Panelists discuss how pharmacists can systematically identify eligible patients through team-based approaches involving technicians and student pharmacists who can query databases by age (50+) and high-risk conditions or medications, while addressing common barriers identified in research including insurance coverage, patient willingness, eligibility determination challenges, documentation time, and patient demand—emphasizing that effective solutions require clear communication, strong provider recommendations rather than just offering eligibility, community outreach, and creating pharmacy cultures where vaccination is integrated into workflow rather than treated as a separate process.
Building Patient Trust: Identifying Patients Eligible for Pneumococcal Vaccination Summary
Systematic identification of pneumococcal vaccine-eligible patients requires leveraging pharmacy team members, including technicians and student pharmacists, to implement database queries and patient outreach strategies. Age-based identification starting at 50 years provides an excellent foundation, allowing staff to query patients by age and review vaccination histories for multiple vaccines including pneumococcal, shingles, and seasonal respiratory vaccines. When computer systems permit disease state searches, teams can filter for high-risk conditions, though many pharmacies may be limited to medication-based searches. Staff should identify medications commonly prescribed for qualifying conditions while exercising caution about assumptions, particularly with drugs used for multiple indications, such as diabetes medications also prescribed for weight loss. Integration of vaccination opportunities into existing workflows, including comprehensive medication reviews (CMRs), medication therapy management (MTM) sessions, and routine immunizations like influenza vaccines, creates multiple touchpoints for identifying eligible patients.

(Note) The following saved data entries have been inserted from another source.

text \<open>Greedily match a cut edge and delete its two endpoints; since they lie in different
  cliques, every clique loses at most one vertex.\<close>
lemma greedy_cut_matching:
  assumes Z: "subtree_region a Z"
  shows "\<forall>b\<in>Z. finite (I b) \<and> n \<le> card (I b) \<Longrightarrow>
     n \<le> card {w \<in> Sigma Z I. \<rho> w < th} \<Longrightarrow> n \<le> card {w \<in> Sigma Z I. th \<le> \<rho> w} \<Longrightarrow>
     \<exists>P. cut_matching \<rho> th (Sigma Z I) P \<and> card P = n"
proof (induction n arbitrary: I)
  case 0
  show ?case by (intro exI[of _ "{}"]) simp
next
  case (Suc n)
  have "{w \<in> Sigma Z I. \<rho> w < th} \<noteq> {}" "{w \<in> Sigma Z I. th \<le> \<rho> w} \<noteq> {}"
    using Suc.prems(2,3) by (metis card.empty not_less_eq_eq zero_le)+
  moreover have "\<forall>b\<in>Z. I b \<noteq> {}" using Suc.prems(1) by fastforce
  ultimately obtain u v where uv: "u \<in> Sigma Z I" "v \<in> Sigma Z I" "\<rho> u < th" "th \<le> \<rho> v"
    "tree_adj (fst u) (fst v)"
    using subtree_region_cut_edge[OF Z] by blast
  define I' where "I' b = {i \<in> I b. (b, i) \<noteq> u \<and> (b, i) \<noteq> v}" for b
  have W': "Sigma Z I' = Sigma Z I - {u, v}" by (auto simp: I'_def)
  have finW: "finite (Sigma Z I)" using Z Suc.prems(1) by (simp add: subtree_region_def)
  have "\<forall>b\<in>Z. finite (I' b) \<and> n \<le> card (I' b)"
    using Suc.prems(1) card_remove_other_clique[OF _ tree_adj_neq[OF uv(5)]]
    by (fastforce simp: I'_def)
  moreover have "n \<le> card {w \<in> Sigma Z I'. \<rho> w < th}"
    using card_filter_Diff_pair[OF finW uv(1), of "\<lambda>w. \<rho> w < th" v] uv(3,4) Suc.prems(2)
    unfolding W' by simp
  moreover have "n \<le> card {w \<in> Sigma Z I'. th \<le> \<rho> w}"
    using card_filter_Diff_pair[OF finW uv(2), of "\<lambda>w. th \<le> \<rho> w" u] uv(3,4) Suc.prems(3)
    unfolding W' by (simp add: insert_commute)
  ultimately obtain P where P: "cut_matching \<rho> th (Sigma Z I') P" "card P = n"
    using Suc.IH by blast
  have "{u, v} \<inter> Sigma Z I' = {}" using W' by blast
  from cut_matching_Un[OF cut_matching_single[OF uv(3-5)] P(1) this]
  have M: "cut_matching \<rho> th ({u, v} \<union> Sigma Z I') ({(u, v)} \<union> P)"
    and "card ({(u, v)} \<union> P) = Suc n"
    using P(2) by simp_all
  have "{u, v} \<union> Sigma Z I' \<subseteq> Sigma Z I" using W' uv(1,2) by blast
  from cut_matching_mono[OF M this] \<open>card ({(u, v)} \<union> P) = Suc n\<close> show ?case by blast
qed

definition descendants :: "bool list \<Rightarrow> nat \<Rightarrow> bool list set" where
  "descendants a h = {a @ w | w. length w \<le> h}"

definition subtree_vertices :: "nat \<Rightarrow> bool list \<Rightarrow> nat \<Rightarrow> (bool list \<times> nat) set" where
  "subtree_vertices k a h = descendants a h \<times> {..<k}"

lemma finite_descendants: "finite (descendants a h)"
proof -
  have "descendants a h = (\<lambda>w. a @ w) ` {w. set w \<subseteq> UNIV \<and> length w \<le> h}"
    by (auto simp: descendants_def)
  moreover have "finite {w :: bool list. set w \<subseteq> UNIV \<and> length w \<le> h}"
    by (rule finite_lists_length_le) simp
  ultimately show ?thesis by simp
qed

lemma finite_subtree_vertices: "finite (subtree_vertices k a h)"
  by (simp add: subtree_vertices_def finite_descendants)

lemma descendants_append_subset: "descendants (a @ g) h \<subseteq> descendants a (h + length g)"
  by (force simp: descendants_def)

lemma descendants_disjoint:
  "length g = length g' \<Longrightarrow> g \<noteq> g' \<Longrightarrow> descendants (a @ g) h \<inter> descendants (a @ g') h = {}"
  by (auto simp: descendants_def append_eq_append_conv)

lemma subtree_vertices_subset_CT_vertices:
  "length a + h \<le> r \<Longrightarrow> subtree_vertices k a h \<subseteq> CT_vertices r k"
  by (auto simp: subtree_vertices_def descendants_def CT_vertices_def tree_nodes_def)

Common barriers to pneumococcal vaccination, identified in recent research involving 58 pharmacists, include insurance coverage limitations, patient willingness, difficulty determining eligibility, documentation time requirements, and insufficient patient demand. The recent age reduction to 50 years may initially confuse patients who require clear explanations about their risks for serious disease, hospitalization, and invasive pneumococcal disease. Insurance coverage concerns can be addressed through manufacturer patient assistance programs for eligible patients without coverage or Medicare Part D, while community outreach to underserved populations through free clinics helps address access issues. Pharmacy closures across the country make community engagement and meeting patients where they are increasingly important for maintaining access to immunization services.
Effective patient engagement relies heavily on communication strategies and strong provider recommendations rather than passive eligibility notifications. Marketing efforts should emphasize "pneumococcal vaccines" rather than "pneumonia vaccines" to accurately convey the broader protection against various pneumococcal infections including meningitis and bacteremia. Implementation science principles can guide pharmacies in evaluating successful strategies and adapting best practices to their specific environments. Building patient trust through face-to-face interactions and making specific, evidence-based recommendations ("I recommend you get the pneumococcal vaccine because...") proves significantly more effective than simply asking if patients want available vaccines. This communication-centered approach, combined with team-based identification strategies, creates sustainable systems for improving pneumococcal vaccination rates in community pharmacy settings.